Somehow, American leaders have to learn that their country is not exempt from history, that their actions have consequences.

Afghanistan

In their need to defend the US occupation of Afghanistan, many Americans have cited the severe oppression of women in that desperate land and would have you believe that the United States is the last great hope of those poor ladies. However, in the 1980s the United States played an indispensable role in the overthrow of a secular and relatively progressive Afghan government, one which endeavored to grant women much more freedom than they’ll ever have under the current government, more perhaps than ever again. Here are some excerpts from a 1986 US Army manual on Afghanistan discussing the policies of this government concerning women: “provisions of complete freedom of choice of marriage partner, and fixation of the minimum age at marriage at 16 for women and 18 for men”; “abolished forced marriages”; “bring [women] out of seclusion, and initiate social programs”; “extensive literacy programs, especially for women”; “putting girls and boys in the same classroom”; “concerned with changing gender roles and giving women a more active role in politics.” ((US Department of the Army, Afghanistan, A Country Study (1986), p.121, 128, 130, 223, 232))

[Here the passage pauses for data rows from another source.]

(* Fix integers $N,d\ge1$, a function $v:\{0,1\}^N\to\{0,1\}$ and non-negative weights $(q^{(a)}_{\mathbf{x}})$, defined for $a=v(\mathbf{x})$, with $\sum_{\mathbf{x}}q^{(v(\mathbf{x}))}_{\mathbf{x}}=1$. For a density operator $\rho$ on $\mathbb{C}^N\otimes\mathbb{C}^d$ and a family of controlled unitaries $U_{\mathbf{x}}=\sum_{j=1}^N|j\rangle\langle j|\otimes U_j^{(x_j)}$ (with arbitrary unitaries $U_j^{(0)},U_j^{(1)}$ on $\mathbb{C}^d$), let $$P_W(\rho,U_{\mathbf{x}})=\max_{\{\Pi_0,\Pi_1\}}\Big(\sum_{v(\mathbf{x})=1}q^{(1)}_{\mathbf{x}}\mathrm{Tr}[\Pi_1U_{\mathbf{x}}\rho U_{\mathbf{x}}^\dagger]+\sum_{v(\mathbf{x})=0}q^{(0)}_{\mathbf{x}}\mathrm{Tr}[\Pi_0U_{\mathbf{x}}\rho U_{\mathbf{x}}^\dagger]\Big),$$ the maximum taken over two-outcome POVMs $\{\Pi_0,\Pi_1\}$ on $\mathbb{C}^N\otimes\mathbb{C}^d$. Then the maximum of $P_W(\rho,U_{\mathbf{x}})$ over all such pairs $(\rho,U_{\mathbf{x}})$ can be obtained by a pair of the form $\rho=|\psi\rangle\langle\psi|$ with $|\psi\rangle=\sum_{i=1}^N\sqrt{p_i}\,|i\rangle|\chi\rangle$ for some unit vector $|\chi\rangle\in\mathbb{C}^d$ and some $p_i\ge0$ with $\sum_ip_i=1$, and $U_{\mathbf{x}}=\sum_{i=1}^N|i\rangle\langle i|\otimes (U_i)^{x_i}$ for some list of unitaries $(U_1,\dots,U_N)$ on $\mathbb{C}^d$ (so the unitary applied at location $i$ is the identity when $x_i=0$ and $U_i$ when $x_i=1$).
   Context: $\{|1\rangle,\dots,|N\rangle\}$ is the standard orthonormal basis of $\mathbb{C}^N$, modeling $N$ spatial paths of a single particle with a $d$-dimensional internal degree of freedom; bits $x_j$ control the local unitary applied on path $j$. *)

theory Defs
  imports Complex_Main "Jordan_Normal_Form.Matrix"
begin

text \<open>Finite-dimensional quantum notions on complex matrices (JNF 'complex mat').
  The space C^N (x) C^d is C^(N*d), basis vector |j>|a> (j<N, a<d) being index j*d + a.\<close>

definition adj :: "complex mat \<Rightarrow> complex mat" where
  "adj A = mat (dim_col A) (dim_row A) (\<lambda>(i,j). cnj (A $$ (j,i)))"

definition tr :: "complex mat \<Rightarrow> complex" where
  "tr A = (\<Sum>i<dim_row A. A $$ (i,i))"

definition psd :: "nat \<Rightarrow> complex mat \<Rightarrow> bool" where
  "psd n A \<longleftrightarrow> A \<in> carrier_mat n n \<and>
     (\<forall>w \<in> carrier_vec n. let z = (\<Sum>i<n. cnj (w $ i) * (A *\<^sub>v w) $ i) in Im z = 0 \<and> Re z \<ge> 0)"

definition density :: "nat \<Rightarrow> complex mat \<Rightarrow> bool" where
  "density n \<rho> \<longleftrightarrow> psd n \<rho> \<and> tr \<rho> = 1"

definition unitary_mat :: "nat \<Rightarrow> complex mat \<Rightarrow> bool" where
  "unitary_mat d U \<longleftrightarrow> U \<in> carrier_mat d d \<and> adj U * U = 1\<^sub>m d \<and> U * adj U = 1\<^sub>m d"

definition povm2 :: "nat \<Rightarrow> complex mat \<Rightarrow> complex mat \<Rightarrow> bool" where
  "povm2 n P0 P1 \<longleftrightarrow> psd n P0 \<and> psd n P1 \<and> P0 + P1 = 1\<^sub>m n"

text \<open>Bit strings x in {0,1}^N, as boolean lists of length N (True = bit 1).\<close>
definition bitstrings :: "nat \<Rightarrow> bool list set" where
  "bitstrings N = {xs. length xs = N}"

text \<open>Controlled unitary U_x = sum_j |j><j| (x) Us j (x_j), where Us j b is U_j^(b).\<close>
definition ctrl :: "nat \<Rightarrow> nat \<Rightarrow> (nat \<Rightarrow> bool \<Rightarrow> complex mat) \<Rightarrow> bool list \<Rightarrow> complex mat" where
  "ctrl N d Us x = mat (N*d) (N*d) (\<lambda>(r,c).
     if r div d = c div d then Us (r div d) (x ! (r div d)) $$ (r mod d, c mod d) else 0)"

text \<open>Winning probability for a fixed POVM; v x = True means v(x) = 1.\<close>
definition win_prob :: "nat \<Rightarrow> nat \<Rightarrow> (bool list \<Rightarrow> bool) \<Rightarrow> (bool list \<Rightarrow> real) \<Rightarrow>
    complex mat \<Rightarrow> (nat \<Rightarrow> bool \<Rightarrow> complex mat) \<Rightarrow> complex mat \<Rightarrow> complex mat \<Rightarrow> real" where
  "win_prob N d v q \<rho> Us P0 P1 =
     Re (\<Sum>x\<in>bitstrings N. complex_of_real (q x) *
          tr ((if v x then P1 else P0) * (ctrl N d Us x * \<rho> * adj (ctrl N d Us x))))"

definition P_W :: "nat \<Rightarrow> nat \<Rightarrow> (bool list \<Rightarrow> bool) \<Rightarrow> (bool list \<Rightarrow> real) \<Rightarrow>
    complex mat \<Rightarrow> (nat \<Rightarrow> bool \<Rightarrow> complex mat) \<Rightarrow> real" where
  "P_W N d v q \<rho> Us = Sup {win_prob N d v q \<rho> Us P0 P1 | P0 P1. povm2 (N*d) P0 P1}"

definition proj :: "complex vec \<Rightarrow> complex mat" where
  "proj \<psi> = mat (dim_vec \<psi>) (dim_vec \<psi>) (\<lambda>(i,j). \<psi> $ i * cnj (\<psi> $ j))"

text \<open>|psi> = sum_i sqrt(p_i) |i>|chi>.\<close>
definition prod_state :: "nat \<Rightarrow> nat \<Rightarrow> (nat \<Rightarrow> real) \<Rightarrow> complex vec \<Rightarrow> complex vec" where
  "prod_state N d p \<chi> = vec (N*d) (\<lambda>r. complex_of_real (sqrt (p (r div d))) * \<chi> $ (r mod d))"

end

theory Submission
  imports Defs "HOL-Analysis.Function_Topology" "HOL-Analysis.Elementary_Metric_Spaces"
begin

section \<open>Matrices, adjoints and quadratic forms\<close>

lemma index_mult_mat_vec_sum:
  "A \<in> carrier_mat n m \<Longrightarrow> w \<in> carrier_vec m \<Longrightarrow> i < n \<Longrightarrow>
   (A *\<^sub>v w) $ i = (\<Sum>k<m. A $$ (i,k) * w $ k)"
  by (simp add: scalar_prod_def atLeast0LessThan)

lemma index_mult_mat_sum:
  "A \<in> carrier_mat n m \<Longrightarrow> B \<in> carrier_mat m l \<Longrightarrow> i < n \<Longrightarrow> j < l \<Longrightarrow>
   (A * B) $$ (i,j) = (\<Sum>k<m. A $$ (i,k) * B $$ (k,j))"
  by (simp add: scalar_prod_def atLeast0LessThan)

lemma sum_delta_mult_left: "a < (n::nat) \<Longrightarrow> (\<Sum>c<n. of_bool (a = c) * f c) = (f a :: complex)"
  by simp

lemma sum_delta_mult_right: "b < (n::nat) \<Longrightarrow> (\<Sum>c<n. f c * of_bool (c = b)) = (f b :: complex)"
  by simp

lemma adj_dims [simp]: "dim_row (adj A) = dim_col A" "dim_col (adj A) = dim_row A"
  unfolding adj_def by simp_all

lemma adj_carrier [simp]: "A \<in> carrier_mat n m \<Longrightarrow> adj A \<in> carrier_mat m n"
  unfolding carrier_mat_def by simp

lemma index_adj [simp]: "i < dim_col A \<Longrightarrow> j < dim_row A \<Longrightarrow> adj A $$ (i,j) = cnj (A $$ (j,i))"
  unfolding adj_def by simp
(* Let $G=(V,E)$ be a finite graph, $k\in\mathbb N$, $j_1,\dots,j_{2k}$ distinct vertices and $uv\in E$. For each $\mathbf m\in\mathbb N_0^E$, writing $E=\{e_1,\dots,e_{|E|}\}$, $$R(\mathbf m)=\frac{\partial^{\mathbf m_{e_1}+\dots+\mathbf m_{e_{|E|}}}}{\partial J_{e_1}^{\mathbf m_{e_1}}\cdots\partial J_{e_{|E|}}^{\mathbf m_{e_{|E|}}}}\left[\Big(\frac{Z_G}{2^{|V|}}\Big)^{k+1}\frac{\partial u_{2k}(\sigma_{j_1},\dots,\sigma_{j_{2k}})}{\partial J_{uv}}\right]\Bigg|_{\mathbf J=\mathbf 0}.$$
   Context: Ising model: on $G=(V,E)$ with $J_{uv}\ge0$, $\mathbb P_G(\sigma)=\exp[\sum_{uv\in E}J_{uv}\sigma_u\sigma_v]/Z_G$ on $\{-1,1\}^V$; $Z_G$ and all expectations are viewed as functions of $\mathbf J=(J_e)_{e\in E}$. Ursell function: $u_m(\sigma_{j_1},\dots,\sigma_{j_m})=\sum_{\mathscr P}(-1)^{|\mathscr P|-1}(|\mathscr P|-1)!\prod_{P\in\mathscr P}\langle\prod_{i\in P}\sigma_{j_i}\rangle_G$ over set partitions of $\{1,\dots,m\}$. Currents, sources $\partial\mathbf n$, connectivity $\overset{\mathbf n}{\longleftrightarrow}$, multinomial coefficients $\binom{\mathbf m}{\mathbf n^1,\dots,\mathbf n^{k+1}}=\prod_e \mathbf m_e!/(\mathbf n^1_e!\cdots\mathbf n^{k+1}_e!)$ are as usual: $\partial\mathbf n=\{x:\sum_{y:xy\in E}\mathbf n_{xy}\text{ odd}\}$, and $x\overset{\mathbf n}{\longleftrightarrow}y$ iff there is a path from $x$ to $y$ along edges with positive current. For a partition $\mathscr P$ of $\{j_1,\dots,j_{2k}\}$ into blocks of positive even size and $Q\in\mathscr P$, with a fixed enumeration $P'_1,\dots,P'_{|\mathscr P|-1}$ of $\mathscr P\setminus\{Q\}$, $R(\mathbf m,\mathscr P,Q)=\sum\binom{\mathbf m}{\mathbf n^1,\dots,\mathbf n^{k+1}}\mathbf 1[u\overset{\mathbf n^{|\mathscr P|}+\mathbf n^{|\mathscr P|+1}}{\not\longleftrightarrow}v]$, summed over $\mathbf n^1,\dots,\mathbf n^{k+1}\in\mathbb N_0^E$ with sum $\mathbf m$, $\partial\mathbf n^i=P'_i$ ($i<|\mathscr P|$), $\partial\mathbf n^{|\mathscr P|}=Q\triangle\{u,v\}$, $\partial\mathbf n^i=\emptyset$ ($i>|\mathscr P|$); $R(\mathbf m,\mathscr P)=\sum_{Q\in\mathscr P}R(\mathbf m,\mathscr P,Q)$; and $R(\mathbf m)=\sum_{\mathscr P}(-1)^{|\mathscr P|-1}(|\mathscr P|-1)!R(\mathbf m,\mathscr P)$, the sum over partitions $\mathscr P$ of $\{j_1,\dots,j_{2k}\}$ into blocks of positive even size. *)

theory Defs
  imports "HOL-Analysis.Analysis" "HOL-Library.Disjoint_Sets"
begin
(* Consider the $N$ iOFP systems with exosystem-generated disturbances described in the context, over a connected undirected graph with $E$ edges and incidence matrix $B=[b_{ig}]\in\mathbb R^{N\times E}$. Let $R=\mathrm{diag}(R_1,\dots,R_N)$, $m=\sum_i m_i$, $H=(B^+\otimes I_q)R\in\mathbb R^{Eq\times m}$ and let $H_g\in\mathbb R^{q\times m}$ be its $g$-th block row, so $H=[H_1;\dots;H_E]$. Let $s(w):=[s_1(w_1);\dots;s_N(w_N)]$ for $w=[w_1;\dots;w_N]\in\mathbb R^m$. For each edge $g=1,\dots,E$ set $\varrho_g=\sum_{j}b_{jg}y_j$ and use the controller $$\dot\zeta_g=s(\zeta_g)+H_g^\top\varrho_g,\qquad \dot\kappa_g=\delta_g\varrho_g^\top\varrho_g,\qquad v_g=H_g\zeta_g+\kappa_g\varrho_g,$$ with $\zeta_g\in\mathbb R^m$, $\kappa_g\in\mathbb R$, arbitrary gains $\delta_g>0$ and arbitrary initial conditions, and set the inputs $u_i=-\sum_{g=1}^E b_{ig}v_g$, $i=1,\dots,N$. If the closed-loop solution $(x,\zeta,\kappa)$ is bounded on $[0,\infty)$, then $\lim_{t\to\infty}\|y_i(t)-\bar y(t)\|=0$ for all $i$, where $\bar y=\frac1N\sum_j y_j$.
   Context: Each system $\dot x_i=f(x_i,u_i,d_i)$, $y_i=h(x_i)$ has $x_i\in\mathbb R^n$, $u_i,y_i,d_i\in\mathbb R^q$; $f$ locally Lipschitz, $h$ continuously differentiable. iOFP with constant $\sigma\in\mathbb R$: there exist $\Phi:\mathbb R^n\times\mathbb R^n\to\mathbb R_{\ge0}$ (continuously differentiable) and class-$\mathcal K_\infty$ functions $\underline\alpha,\overline\alpha$ with $\underline\alpha(\|x_i-x_i'\|)\le\Phi(x_i,x_i')\le\overline\alpha(\|x_i-x_i'\|)$ and $\frac{\partial\Phi}{\partial x_i}(x_i,x_i')f(x_i,u_i,d_i)+\frac{\partial\Phi}{\partial x_i'}(x_i,x_i')f(x_i',u_i',d_i')\le\sigma\|y_i-y_i'\|^2+(y_i-y_i')^\top\big((u_i+d_i)-(u_i'+d_i')\big)$ for all arguments. Exosystems: $\dot w_i=s_i(w_i)$, $d_i=R_iw_i$, $w_i\in\mathbb R^{m_i}$, $s_i$ locally Lipschitz, $s_i(0)=0$, $(w_i-w_i')^\top(s_i(w_i)-s_i(w_i'))\le0$ for all $w_i,w_i'$. Graph: symmetric nonnegative adjacency $A=[a_{ij}]$, connected. Incidence matrix: for the $g$-th edge $(i,j)$ (each undirected edge taken once with an orientation), $b_{ig}=-\sqrt{a_{ij}}$, $b_{jg}=\sqrt{a_{ij}}$, and $b_{kg}=0$ otherwise; thus $L=BB^\top$ is the Laplacian. $B^+$ is the Moore–Penrose pseudoinverse, $\otimes$ the Kronecker product. *)

theory Defs
  imports "HOL-Analysis.Analysis"
begin
(* Let $A$ be a finite skew brace such that $\Lambda(A)$ has exactly one vertex. Then $A^3=\{0\}$ (so $A$ is left nilpotent of class two), $\operatorname{Fix}(A)$ is an ideal of index $2$ in $A$, and $A^2=\operatorname{Fix}(A)$.
   Context: A skew brace is a triple $(A,+,\circ)$ where $(A,+)$ and $(A,\circ)$ are groups with $a\circ(b+c)=a\circ b-a+a\circ c$. $\lambda_a(b)=-a+a\circ b$, $a*b=\lambda_a(b)-b$; for subsets $X,Y$, $X*Y$ is the additive subgroup generated by all $x*y$; $A^1=A$, $A^{n+1}=A*A^n$. $\operatorname{Fix}(A)=\{a\in A:\lambda_x(a)=a\ \forall x\in A\}$. An ideal is a subset $I$ that is a normal subgroup of both $(A,+)$ and $(A,\circ)$ with $\lambda_a(I)\subseteq I$ for all $a$. $\Lambda(A)$ is the graph whose vertices are the $\lambda$-orbits of size $>1$, two distinct vertices $L_1,L_2$ adjacent iff $\gcd(|L_1|,|L_2|)\ne1$. *)

theory Defs
  imports "HOL-Algebra.Algebra"
begin

text \<open>A skew brace is given by two group structures P (the additive group (A,+),
written multiplicatively in HOL-Algebra, so mult P = +, one P = 0, inv P = -)
and M (the group (A,\<circ>)) on the same carrier.\<close>

definition skew_brace :: "('a, 'b) monoid_scheme \<Rightarrow> ('a, 'c) monoid_scheme \<Rightarrow> bool" where
  "skew_brace P M \<longleftrightarrow> group P \<and> group M \<and> carrier P = carrier M \<and>
     (\<forall>a\<in>carrier P. \<forall>b\<in>carrier P. \<forall>c\<in>carrier P.
        a \<otimes>\<^bsub>M\<^esub> (b \<otimes>\<^bsub>P\<^esub> c)
          = ((a \<otimes>\<^bsub>M\<^esub> b) \<otimes>\<^bsub>P\<^esub> inv\<^bsub>P\<^esub> a) \<otimes>\<^bsub>P\<^esub> (a \<otimes>\<^bsub>M\<^esub> c))"

definition brace_lambda :: "('a, 'b) monoid_scheme \<Rightarrow> ('a, 'c) monoid_scheme \<Rightarrow> 'a \<Rightarrow> 'a \<Rightarrow> 'a" where
  "brace_lambda P M a b = inv\<^bsub>P\<^esub> a \<otimes>\<^bsub>P\<^esub> (a \<otimes>\<^bsub>M\<^esub> b)"
lemma resolvent_setE:
  fixes R :: "('a::complex_inner \<times> 'a) set"
  assumes "lam \<in> resolvent_set R"
  obtains Res where "clinear_map Res" "\<exists>K. \<forall>x. norm (Res x) \<le> K * norm x"
    "\<And>x f. (x, f) \<in> R \<Longrightarrow> Res (scaleC lam x - f) = x"
    "\<And>u. (Res u, scaleC lam (Res u) - u) \<in> R"
proof -
  obtain Res where Res: "clinear_map Res" "\<exists>K. \<forall>x. norm (Res x) \<le> K * norm x"
    and graph: "relinv (relsum (scal_id lam) (relneg R)) = graph Res"
    using assms unfolding resolvent_set_def bounded_everywhere_op_def by blast
  have "(scaleC lam x - f, x) \<in> graph Res" if "(x, f) \<in> R" for x f
    unfolding graph[symmetric] relinv_def relsum_def scal_id_def relneg_def using that by force
  then have left_inverse: "Res (scaleC lam x - f) = x" if "(x, f) \<in> R" for x f
    using that by (simp add: graph_def)
  have right_inverse: "(Res u, scaleC lam (Res u) - u) \<in> R" for u
  proof -
    have "(Res u, u) \<in> relsum (scal_id lam) (relneg R)"
      using graph by (auto simp: relinv_def graph_def)
    then obtain f where f: "(Res u, f) \<in> R" and u: "u = scaleC lam (Res u) - f"
      unfolding relsum_def scal_id_def relneg_def by auto
    have "scaleC lam (Res u) - u = f"
      by (subst u) simp
    with f show ?thesis
      by simp
  qed
  show ?thesis
    by (rule that[OF Res left_inverse right_inverse])
qed

lemma clinear_map_zero: "clinear_map R \<Longrightarrow> R 0 = 0"
  unfolding clinear_map_def by (metis add_cancel_right_right add_0)

lemma linear_clinear_map: "clinear_map R \<Longrightarrow> linear R"
  unfolding clinear_map_def by (simp add: linear_iff scaleR_scaleC)

section \<open>The decomposition \<open>T = S + Q A\<^sub>s\<close>\<close>

locale self_adjoint_sum =
  fixes T S A :: "('a::chilbert_space \<times> 'a) set"
  assumes T_closed: "closed T" and T_herm: "hermitian T"
    and A_closed: "closed A" and A_subspace: "rel_subspace A"
    and S_sa: "self_adjoint S"
    and dom_eq: "Dom T = Dom S" and dom_sub: "Dom S \<subseteq> Dom A"
    and T_sum: "T = relsum S A"
begin

abbreviation S0 :: "'a set" where
  "S0 \<equiv> relapp S 0"

definition QA :: "'a \<Rightarrow> 'a" where
  "QA x = proj (ortho S0) (op_fun A x)"

lemma S_subspace: "rel_subspace S"
  using S_sa by (simp add: self_adjoint_def)

lemma T_subspace: "rel_subspace T"
  using T_herm by (simp add: hermitian_def)

lemma S_closed: "closed S"
  using S_sa by (rule self_adjoint_imp_closed)

lemma S0_subspace: "csubspace S0"
  using S_subspace by (rule csubspace_relapp_0)

lemma S0_closed: "closed S0"
  using S_closed by (rule closed_relapp_0)

lemma QA_eq: "QA x = op_fun A x - proj S0 (op_fun A x)"
  unfolding QA_def using S0_subspace S0_closed by (rule proj_ortho)

lemma linear_proj_S0: "linear (proj S0)"
  using S0_subspace S0_closed by (rule linear_proj)

lemma proj_S0_QA: "proj S0 (QA x) = 0"
  using proj_id[OF S0_subspace proj_in[OF S0_subspace S0_closed]]
  by (simp add: QA_eq linear_diff[OF linear_proj_S0])

lemma op_fun_A_in: "x \<in> Dom S \<Longrightarrow> (x, op_fun A x) \<in> A"
  using op_fun_in[OF A_subspace A_closed] dom_sub by blast

lemma relapp_A_subset: "relapp A 0 \<subseteq> S0"
proof
  fix a
  assume "a \<in> relapp A 0"
  then have "(0, 0 + a) \<in> relsum S A"
    using rel_subspace_zero[OF S_subspace] unfolding relsum_def relapp_def by blast
  then have "(0, a) \<in> adj T"
    using T_herm by (auto simp: T_sum hermitian_def)
  \<comment> \<open>\<open>a\<close> is orthogonal to \<open>D(T) = D(S)\<close>, i.e. \<open>(0, a) \<in> S\<^sup>* = S\<close>\<close>
  then have "cinner a x = 0" if "x \<in> Dom S" for x
    using that dom_eq by (auto simp: adj_def Dom_def)
  then have "(0, a) \<in> adj S"
    by (auto simp: adj_def Dom_def)
  then show "a \<in> S0"
    using S_sa by (simp add: self_adjoint_def relapp_def)
qed

lemma graph_T_from_S: "(x, f) \<in> S \<Longrightarrow> (x, f + QA x) \<in> T"
proof -
  assume xf: "(x, f) \<in> S"
  then have "x \<in> Dom S"
    by (auto simp: Dom_def)
  have "(0, proj S0 (op_fun A x)) \<in> S"
    using proj_in[OF S0_subspace S0_closed] by (simp add: relapp_def)
  with xf have "(x - 0, f - proj S0 (op_fun A x)) \<in> S"
    by (rule rel_subspace_diff[OF S_subspace])
  then have "(x, (f - proj S0 (op_fun A x)) + op_fun A x) \<in> relsum S A"
    using op_fun_A_in[OF \<open>x \<in> Dom S\<close>] unfolding relsum_def by auto
  then show ?thesis
    by (simp add: T_sum QA_eq algebra_simps)
qed

lemma graph_S_from_T:
  assumes "(x, f) \<in> T"
  shows "x \<in> Dom S" and "(x, f - QA x) \<in> S"
proof -
  obtain g a where g: "(x, g) \<in> S" and a: "(x, a) \<in> A" and f: "f = g + a"
    using assms unfolding T_sum relsum_def by blast
  show "x \<in> Dom S"
    using g by (auto simp: Dom_def)
  then have "(x - x, a - op_fun A x) \<in> A"
    using rel_subspace_diff[OF A_subspace a op_fun_A_in] by blast
  then have "a - op_fun A x \<in> S0"
    using relapp_A_subset by (auto simp: relapp_def)
  then have "(a - op_fun A x) + proj S0 (op_fun A x) \<in> S0"
    using S0_subspace proj_in[OF S0_subspace S0_closed] by (simp add: csubspace_add)
  then have "(0, (a - op_fun A x) + proj S0 (op_fun A x)) \<in> S"
    by (simp add: relapp_def)
  from rel_subspace_add[OF S_subspace g this]
  have "(x + 0, g + ((a - op_fun A x) + proj S0 (op_fun A x))) \<in> S" .
  then show "(x, f - QA x) \<in> S"
    by (simp add: f QA_eq algebra_simps)
qed

lemma QA_zero: "QA 0 = 0"
proof -
  have "op_fun A 0 = 0"
    by (rule op_fun_eqI[OF A_subspace rel_subspace_zero[OF A_subspace]]) simp
  then show ?thesis
    by (simp add: QA_eq linear_0[OF linear_proj_S0])
qed

lemma relapp_T_eq: "relapp T 0 = S0"
  using graph_S_from_T(2)[of 0] graph_T_from_S[of 0] by (auto simp: relapp_def QA_zero)

lemma op_fun_T_eq: "(y, g) \<in> T \<Longrightarrow> op_fun T y = g - proj S0 g"
  using op_fun_eq_minus_proj(1)[OF T_subspace T_closed] by (simp add: relapp_T_eq)

lemma QA_add: "x \<in> Dom S \<Longrightarrow> y \<in> Dom S \<Longrightarrow> QA (x + y) = QA x + QA y"
  using dom_sub by (simp add: QA_eq op_fun_add[OF A_subspace A_closed] subsetD
      linear_add[OF linear_proj_S0])

lemma QA_scaleR: "x \<in> Dom S \<Longrightarrow> QA (r *\<^sub>R x) = r *\<^sub>R QA x"
  using dom_sub op_fun_scaleC[OF A_subspace A_closed, of x "complex_of_real r"]
  by (simp add: QA_eq subsetD linear_scale[OF linear_proj_S0] scaleR_diff_right
      flip: scaleR_scaleC)

lemma S_csubspace: "csubspace S"
  using S_subspace by (simp add: rel_subspace_iff_csubspace)

lemma T_csubspace: "csubspace T"
  using T_subspace by (simp add: rel_subspace_iff_csubspace)

lemma proj_T_minus_proj_S_on_S:
  assumes "(x, f) \<in> S"
  shows "proj T (x, f) - proj S (x, f) = (0, QA x) - proj T (0, QA x)"
proof -
  have "(x, f) = (x, f + QA x) - (0, QA x)"
    by simp
  then have "proj T (x, f) = (x, f + QA x) - proj T (0, QA x)"
    using linear_diff[OF linear_proj[OF T_csubspace T_closed]]
      proj_id[OF T_csubspace graph_T_from_S[OF assms]] by metis
  then show ?thesis
    using proj_id[OF S_csubspace assms] by simp
qed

The overthrow of this government paved the way for the coming to power of an Islamic fundamentalist regime, followed by the awful Taliban. And why did the United States in its infinite wisdom choose to do such a thing? Mainly because the Afghan government was allied with the Soviet Union and Washington wanted to draw the Russians into a hopeless military quagmire — “We now have the opportunity of giving to the Soviet Union its Vietnam War”, said Zbigniew Brzezinski, President Carter’s National Security Adviser. ((See Brzezinski’s Wikipedia entry))

The women of Afghanistan will never know how the campaign to raise them to the status of full human beings would have turned out, but this, some might argue, is but a small price to pay for a marvelous Cold War victory.

Cuba

Why does the mainstream media routinely refer to Cuba as a dictatorship? Why is it not uncommon even for people on the left to do the same? I think that many of the latter do so in the belief that to say otherwise runs the risk of not being taken seriously, largely a vestige of the Cold War when Communists all over the world were ridiculed for following Moscow’s party line. But what does Cuba do or lack that makes it a dictatorship? No “free press”? Apart from the question of how free Western media is, if that’s to be the standard, what would happen if Cuba announced that from now on anyone in the country could own any kind of media? How long would it be before CIA money — secret and unlimited CIA money financing all kinds of fronts in Cuba — would own or control most of the media worth owning or controlling?

Is it “free elections” that Cuba lacks? They regularly have elections at municipal, regional and national levels. Money plays virtually no role in these elections; neither does party politics, including the Communist Party, since candidates run as individuals. ((See Anti-Empire Report of September 25, 2006, 3rd item, for more information about the Cuban election process)) Again, what is the standard by which Cuban elections are to be judged? Most Americans, if they gave it any thought, might find it difficult to even imagine what a free and democratic election, without great concentrations of corporate money, would look like, or how it would operate. Would Ralph Nader finally be able to get on all 50 state ballots, take part in national television debates, and be able to match the two monopoly parties in media advertising? If that were the case, I think he’d probably win; and that’s why it’s not the case. Or perhaps what Cuba lacks is our marvelous “electoral college” system, where the presidential candidate with the most votes is not necessarily the winner. If we really think this system is a good example of democracy why don’t we use it for local and state elections as well?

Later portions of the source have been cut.